Het hof heeft voorts acht geslagen op het eerdergenoemde rapport van [psycholoog] , klinisch psycholoog, d.d. 21 oktober 2013, waarin zakelijk weergegeven onder meer het volgende wordt beschreven.
[psycholoog] constateert dat bij verdachte sprake is van een gebrekkige ontwikkeling van de geestvermogens in de vorm van een persoonlijkheidsstoornis met borderline kenmerken en een verstandelijke beperking. Hiervan was ten tijde van het tenlastegelegde ook sprake. Verdachte raakte met haar beperkingen, beïnvloedbaarheid en afhankelijkheid in combinatie met een erg hoog angstniveau in een toestand van geïsoleerdheid, ontreddering en machteloosheid waarbij ze de greep op zich zelf en haar gezin verloor. Door haar kwetsbare persoonlijkheidsstructuur en beperkte vaardigheden kon verdachte zich niet aan de situatie onttrekken, waarbij zij zichzelf en haar kinderen langdurig heeft blootgesteld aan de agressie van haar partner. De bij verdachte bestaande problematiek beïnvloedde in grote mate haar gedrag ten tijde van het tenlastegelegde. [psycholoog] adviseert verdachte verminderd toerekeningsvatbaar te achten.
Tevens heeft het hof acht geslagen op het omtrent de persoon van verdachte opgemaakte rapport van [psychiater] , psychiater, d.d. 21 oktober 2013, waarin zakelijk weergegeven onder meer het volgende wordt beschreven.

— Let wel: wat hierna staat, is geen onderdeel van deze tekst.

(* For $i=1,2$ let $\delta_i:[0,1]\to[0,1]$ be the diagonal section of some 2-copula such that $t\mapsto\delta_i(t)/t$ is increasing on $(0,1]$ and $t\mapsto\delta_i(t)/t^2$ is decreasing on $(0,1]$, and let $C_i(u_1,u_2)=\min(u_1,u_2)\,\delta_i(\max(u_1,u_2))/\max(u_1,u_2)$ (with $C_i(0,0)=0$) be the corresponding semilinear copulas. If $C_1<_{TD}C_2$, then $C_1\le_{loc}C_2$.
   Context: A 2-copula is a grounded, 2-increasing function $C:[0,1]^2\to[0,1]$ with uniform margins; its diagonal section is $\delta(t)=C(t,t)$. Under the stated monotonicity conditions, the semilinear function $C_i$ is a 2-copula with diagonal $\delta_i$, and it admits the tail dependence function $\Lambda(\boldsymbol w;C_i)=\min(w_1,w_2)\lim_{t\searrow0}\delta_i(t)/t$. In general $\Lambda(\boldsymbol w;C)=\lim_{s\searrow0}C(s\boldsymbol w)/s$. $C_1<_{TD}C_2$ means $\Lambda(\boldsymbol w;C_1)<\Lambda(\boldsymbol w;C_2)$ for all $\boldsymbol w\in(0,\infty)^2$. $C_1\le_{loc}C_2$ means there is $\varepsilon>0$ with $C_1\le C_2$ on $B_\varepsilon(\boldsymbol 0)\cap[0,1]^2$ (Euclidean ball). *)

theory Defs
  imports "HOL-Analysis.Analysis"
begin

text \<open>A 2-copula, considered as a function on [0,1]^2 (values outside are irrelevant).\<close>
definition copula2 :: "(real \<Rightarrow> real \<Rightarrow> real) \<Rightarrow> bool" where
  "copula2 C \<longleftrightarrow>
     (\<forall>u v. 0 \<le> u \<and> u \<le> 1 \<and> 0 \<le> v \<and> v \<le> 1 \<longrightarrow> 0 \<le> C u v \<and> C u v \<le> 1) \<and>
     (\<forall>u. 0 \<le> u \<and> u \<le> 1 \<longrightarrow> C u 0 = 0 \<and> C 0 u = 0) \<and>
     (\<forall>u. 0 \<le> u \<and> u \<le> 1 \<longrightarrow> C u 1 = u \<and> C 1 u = u) \<and>
     (\<forall>u1 u2 v1 v2. 0 \<le> u1 \<and> u1 \<le> u2 \<and> u2 \<le> 1 \<and> 0 \<le> v1 \<and> v1 \<le> v2 \<and> v2 \<le> 1 \<longrightarrow>
        C u2 v2 - C u2 v1 - C u1 v2 + C u1 v1 \<ge> 0)"

definition is_copula_diagonal :: "(real \<Rightarrow> real) \<Rightarrow> bool" where
  "is_copula_diagonal \<delta> \<longleftrightarrow> (\<exists>C. copula2 C \<and> (\<forall>t. 0 \<le> t \<and> t \<le> 1 \<longrightarrow> \<delta> t = C t t))"

definition semilinear :: "(real \<Rightarrow> real) \<Rightarrow> real \<Rightarrow> real \<Rightarrow> real" where
  "semilinear \<delta> u v = (if max u v = 0 then 0 else min u v * \<delta> (max u v) / max u v)"

definition has_tdf_value :: "(real \<Rightarrow> real \<Rightarrow> real) \<Rightarrow> real \<Rightarrow> real \<Rightarrow> real \<Rightarrow> bool" where
  "has_tdf_value C w1 w2 L \<longleftrightarrow> ((\<lambda>s. C (s * w1) (s * w2) / s) \<longlongrightarrow> L) (at_right 0)"

definition td_less :: "(real \<Rightarrow> real \<Rightarrow> real) \<Rightarrow> (real \<Rightarrow> real \<Rightarrow> real) \<Rightarrow> bool" where
  "td_less C1 C2 \<longleftrightarrow> (\<forall>w1 w2. 0 < w1 \<and> 0 < w2 \<longrightarrow>
      (\<exists>L1 L2. has_tdf_value C1 w1 w2 L1 \<and> has_tdf_value C2 w1 w2 L2 \<and> L1 < L2))"

definition loc_le :: "(real \<Rightarrow> real \<Rightarrow> real) \<Rightarrow> (real \<Rightarrow> real \<Rightarrow> real) \<Rightarrow> bool" where
  "loc_le C1 C2 \<longleftrightarrow> (\<exists>\<epsilon>>0. \<forall>u v. 0 \<le> u \<and> u \<le> 1 \<and> 0 \<le> v \<and> v \<le> 1 \<and>
      norm (u, v) < \<epsilon> \<longrightarrow> C1 u v \<le> C2 u v)"

end

theory Submission
  imports Defs
begin

text \<open>On the diagonal the semilinear copula reduces to \<open>\<delta>\<close>, so the tail dependence function of
  \<open>semilinear \<delta>\<close> at \<open>(1,1)\<close> is \<open>lim\<^sub>t\<^sub>\<rightarrow>\<^sub>0 \<delta> t / t\<close>. Strict inequality of these limits forces
  \<open>\<delta>\<^sub>1 t / t < \<delta>\<^sub>2 t / t\<close> for all small \<open>t\<close>, and multiplying by \<open>min u v\<close> at \<open>t = max u v\<close>
  compares the two copulas near the origin.\<close>

lemma has_tdf_value_semilinear_diagonal_iff:
  "has_tdf_value (semilinear \<delta>) 1 1 L \<longleftrightarrow> ((\<lambda>t. \<delta> t / t) \<longlongrightarrow> L) (at_right 0)"
proof -
  have "\<forall>\<^sub>F t in at_right 0. semilinear \<delta> (t * 1) (t * 1) / t = \<delta> t / t"
    using eventually_at_right_less[of "0::real"] by eventually_elim (simp add: semilinear_def)
  then show ?thesis
    unfolding has_tdf_value_def by (rule tendsto_cong)
qed

lemma semilinear_mono_diagonal_ratio:
  assumes ratio_le: "\<And>t. 0 < t \<Longrightarrow> t < b \<Longrightarrow> \<delta>1 t / t \<le> \<delta>2 t / t"
    and "0 \<le> u" "0 \<le> v" "max u v < b"
  shows "semilinear \<delta>1 u v \<le> semilinear \<delta>2 u v"
proof (cases "max u v = 0")
  case True
  then show ?thesis by (simp add: semilinear_def)
next
  case False
  with assms have "\<delta>1 (max u v) / max u v \<le> \<delta>2 (max u v) / max u v"
    by (intro ratio_le) auto
  then have "min u v * (\<delta>1 (max u v) / max u v) \<le> min u v * (\<delta>2 (max u v) / max u v)"
    using assms by (intro mult_left_mono) auto
  with False show ?thesis by (simp add: semilinear_def)
qed

lemma loc_le_semilinear_if_eventually_diagonal_ratio_le:
  assumes "\<forall>\<^sub>F t in at_right 0. \<delta>1 t / t \<le> \<delta>2 t / t"
  shows "loc_le (semilinear \<delta>1) (semilinear \<delta>2)"
proof -
  obtain b :: real where "b > 0" and ratio_le: "\<And>t. 0 < t \<Longrightarrow> t < b \<Longrightarrow> \<delta>1 t / t \<le> \<delta>2 t / t"
    using assms unfolding eventually_at_right[OF zero_less_one] by auto
  have "semilinear \<delta>1 u v \<le> semilinear \<delta>2 u v"
    if "0 \<le> u" "0 \<le> v" "norm (u, v) < b" for u v
  proof (rule semilinear_mono_diagonal_ratio[OF ratio_le])
    have "norm u \<le> norm (u, v)" "norm v \<le> norm (u, v)"
      by (rule norm_fst_le, rule norm_snd_le)
    with that show "max u v < b" by auto
  qed (use that in auto)
  with \<open>b > 0\<close> show ?thesis
    unfolding loc_le_def by blast
qed

theorem mainTheorem8:
  fixes \<delta>1 \<delta>2 :: "real \<Rightarrow> real"
  assumes d1: "is_copula_diagonal \<delta>1"
    and d2: "is_copula_diagonal \<delta>2"
    and inc1: "\<forall>s t. 0 < s \<and> s \<le> t \<and> t \<le> 1 \<longrightarrow> \<delta>1 s / s \<le> \<delta>1 t / t"
    and inc2: "\<forall>s t. 0 < s \<and> s \<le> t \<and> t \<le> 1 \<longrightarrow> \<delta>2 s / s \<le> \<delta>2 t / t"
    and dec1: "\<forall>s t. 0 < s \<and> s \<le> t \<and> t \<le> 1 \<longrightarrow> \<delta>1 t / t\<^sup>2 \<le> \<delta>1 s / s\<^sup>2"
    and dec2: "\<forall>s t. 0 < s \<and> s \<le> t \<and> t \<le> 1 \<longrightarrow> \<delta>2 t / t\<^sup>2 \<le> \<delta>2 s / s\<^sup>2"
    and td: "td_less (semilinear \<delta>1) (semilinear \<delta>2)"
  shows "loc_le (semilinear \<delta>1) (semilinear \<delta>2)"
proof -
  obtain L1 L2 where "has_tdf_value (semilinear \<delta>1) 1 1 L1"
    and "has_tdf_value (semilinear \<delta>2) 1 1 L2" and "L1 < L2"
    using td unfolding td_less_def by (meson zero_less_one)
  then have "((\<lambda>t. \<delta>2 t / t - \<delta>1 t / t) \<longlongrightarrow> L2 - L1) (at_right 0)" and "0 < L2 - L1"
    by (auto intro: tendsto_diff simp: has_tdf_value_semilinear_diagonal_iff)
  then have "\<forall>\<^sub>F t in at_right 0. 0 < \<delta>2 t / t - \<delta>1 t / t"
    by (rule order_tendstoD(1))
  then have "\<forall>\<^sub>F t in at_right 0. \<delta>1 t / t \<le> \<delta>2 t / t"
    by eventually_elim simp
  then show ?thesis
    by (rule loc_le_semilinear_if_eventually_diagonal_ratio_le)
qed

end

[psychiater] constateert dat bij verdachte sprake is van een gebrekkige ontwikkeling van de geestvermogens in de vorm van een verstandelijke beperking en een gemengde persoonlijkheidsstoornis. Verdachte imponeert als een zwak gestructureerde, zwakbegaafde en getraumatiseerde vrouw die door de handhaving van haar psychologisch evenwicht afhankelijk is van haar omgeving. De beperkte invulling van haar rollen wordt deels bepaald door haar verstandelijke beperking en deels door haar persoonlijkheidsstoornis. Genoemde gebrekkige ontwikkeling bestond ook ten tijde van het tenlastegelegde. Ondanks de problematiek had verdachte voldoende inzicht dat het ongeoorloofd was om haar dochter te laten mishandelen, maar zij was onvoldoende in staat om hiertegen op te treden vanwege haar verstandelijke beperking, haar angst voor mishandeling en verlating door een man van wie ze zich heel afhankelijk voelde. Om die reden acht [psychiater] verdachte sterk verminderd toerekeningsvatbaar.

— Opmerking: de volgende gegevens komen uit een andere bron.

(* Suppose $\tau\in(1,2)$ is the smallest $x\ge1$ such that $\omega'(x)=0$. Then $\tau>1.732$.
   Context: For $x\ge1$ let $\psi_1(x)=\frac32\int_0^{\pi/2}(1-x^{-2}\sin^2u)^{3/2}\,du$ and $\psi_2(x)=\frac32(1-x^{-2})^2\int_0^{\pi/2}\frac{\sin^4v}{\sqrt{1-(1-x^{-2})\sin^2v}}\,dv$, and $\omega(x)=\psi_2'(x)\psi_1(x)-\psi_2(x)\psi_1'(x)$. *)

theory Defs
  imports "HOL-Analysis.Analysis"
begin

definition psi1 :: "real \<Rightarrow> real" where
  "psi1 x = 3/2 * integral {0..pi/2} (\<lambda>u. (1 - sin u ^ 2 / x ^ 2) powr (3/2))"

definition psi2 :: "real \<Rightarrow> real" where
  "psi2 x = 3/2 * (1 - 1 / x ^ 2) ^ 2 *
     integral {0..pi/2} (\<lambda>v. sin v ^ 4 / sqrt (1 - (1 - 1 / x ^ 2) * sin v ^ 2))"

definition dR :: "(real \<Rightarrow> real) \<Rightarrow> real \<Rightarrow> real" where
  "dR f x = (THE D. (f has_real_derivative D) (at x within {1..}))"

definition omega :: "real \<Rightarrow> real" where
  "omega x = dR psi2 x * psi1 x - psi2 x * dR psi1 x"

end

theory Submission
  imports Defs
begin

text \<open>
  Substituting \<open>a = 1/x\<^sup>2\<close> turns \<open>\<psi>\<^sub>1\<close> and \<open>\<psi>\<^sub>2\<close> into \<open>3/2\<close> times
  \<open>y\<^sub>1 a = \<integral>(1 - a sin\<^sup>2u)\<^bsup>3/2\<^esup> du\<close> and
  \<open>y\<^sub>2 a = (1-a)\<^sup>2 \<integral>sin\<^sup>4u (1 - (1-a) sin\<^sup>2u)\<^bsup>-1/2\<^esup> du\<close>.
  Differentiating under the integral sign and integrating by parts shows that both solve the
  hypergeometric equation \<open>a(1-a)y'' + y' + 3/4 y = 0\<close>, so by Abel's identity their Wronskian
  is \<open>C (1-a)/a\<close>; \<open>C \<noteq> 0\<close> because \<open>y\<^sub>2\<close> vanishes at \<open>a = 1\<close> while \<open>y\<^sub>1\<close> does not.
  Undoing the substitution, \<open>\<omega>(x) = K (x\<^sup>2 - 1)/x\<^sup>3\<close> with \<open>K \<noteq> 0\<close>, and the only
  critical point of this function in \<open>(1,\<infinity>)\<close> is \<open>\<surd>3 = 1.7320508\<dots>\<close>.
\<close>

lemma has_integral_zero_of_vanishing_primitive:
  fixes g g' :: "real \<Rightarrow> real"
  assumes "a \<le> b" and "\<And>x. x \<in> {a..b} \<Longrightarrow> (g has_real_derivative g' x) (at x)"
    and "g a = 0" and "g b = 0"
  shows "(g' has_integral 0) {a..b}"
proof -
  have "(g' has_integral g b - g a) {a..b}"
    using assms(1,2)
    by (intro fundamental_theorem_of_calculus)
       (auto simp: has_real_derivative_iff_has_vector_derivative[symmetric]
             intro: has_field_derivative_at_within)
  then show ?thesis using assms(3,4) by simp
qed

Het hof neemt de conclusies van de deskundigen met betrekking tot de aanwezige gebrekkige ontwikkeling van de geestvermogens en de gemengde persoonlijkheidsstoornis over en maakt die tot de zijne en stelt op grond daarvan vast dat verdachte ten tijde van het plegen van de bewezen verklaarde feiten leed aan een gebrekkige ontwikkeling van de geestvermogens en het hof is van oordeel dat de feiten haar in sterk verminderde mate kunnen worden toegerekend en houdt hier in de strafoplegging rekening mee.
Alles afwegende, is het hof van oordeel dan een gevangenisstraf voor de duur van vijf jaren met aftrek van voorarrest, passend en geboden is. De door de raadsman geopperde strafduur is gezien de ernst van het bewezenverklaarde niet aan de orde.

Maatregel van terbeschikkingstelling

De advocaat-generaal heeft de oplegging van een lange onvoorwaardelijke gevangenisstraf gevorderd zoals door de rechtbank opgelegd en aangevoerd dat in het kader van het penitentiaire programma en daarna de voorwaardelijke invrijheidstelling behandeling van verdachte kan plaatsvinden.
De raadsman heeft namens verdachte bepleit dat behandeling van verdachte zo snel mogelijk moet plaatsvinden. Hij heeft het hof verzocht een deels voorwaardelijke gevangenisstraf op te leggen, waarbij behandeling in het kader van bijzondere voorwaarden bij dat voorwaardelijke strafdeel kan plaatsvinden.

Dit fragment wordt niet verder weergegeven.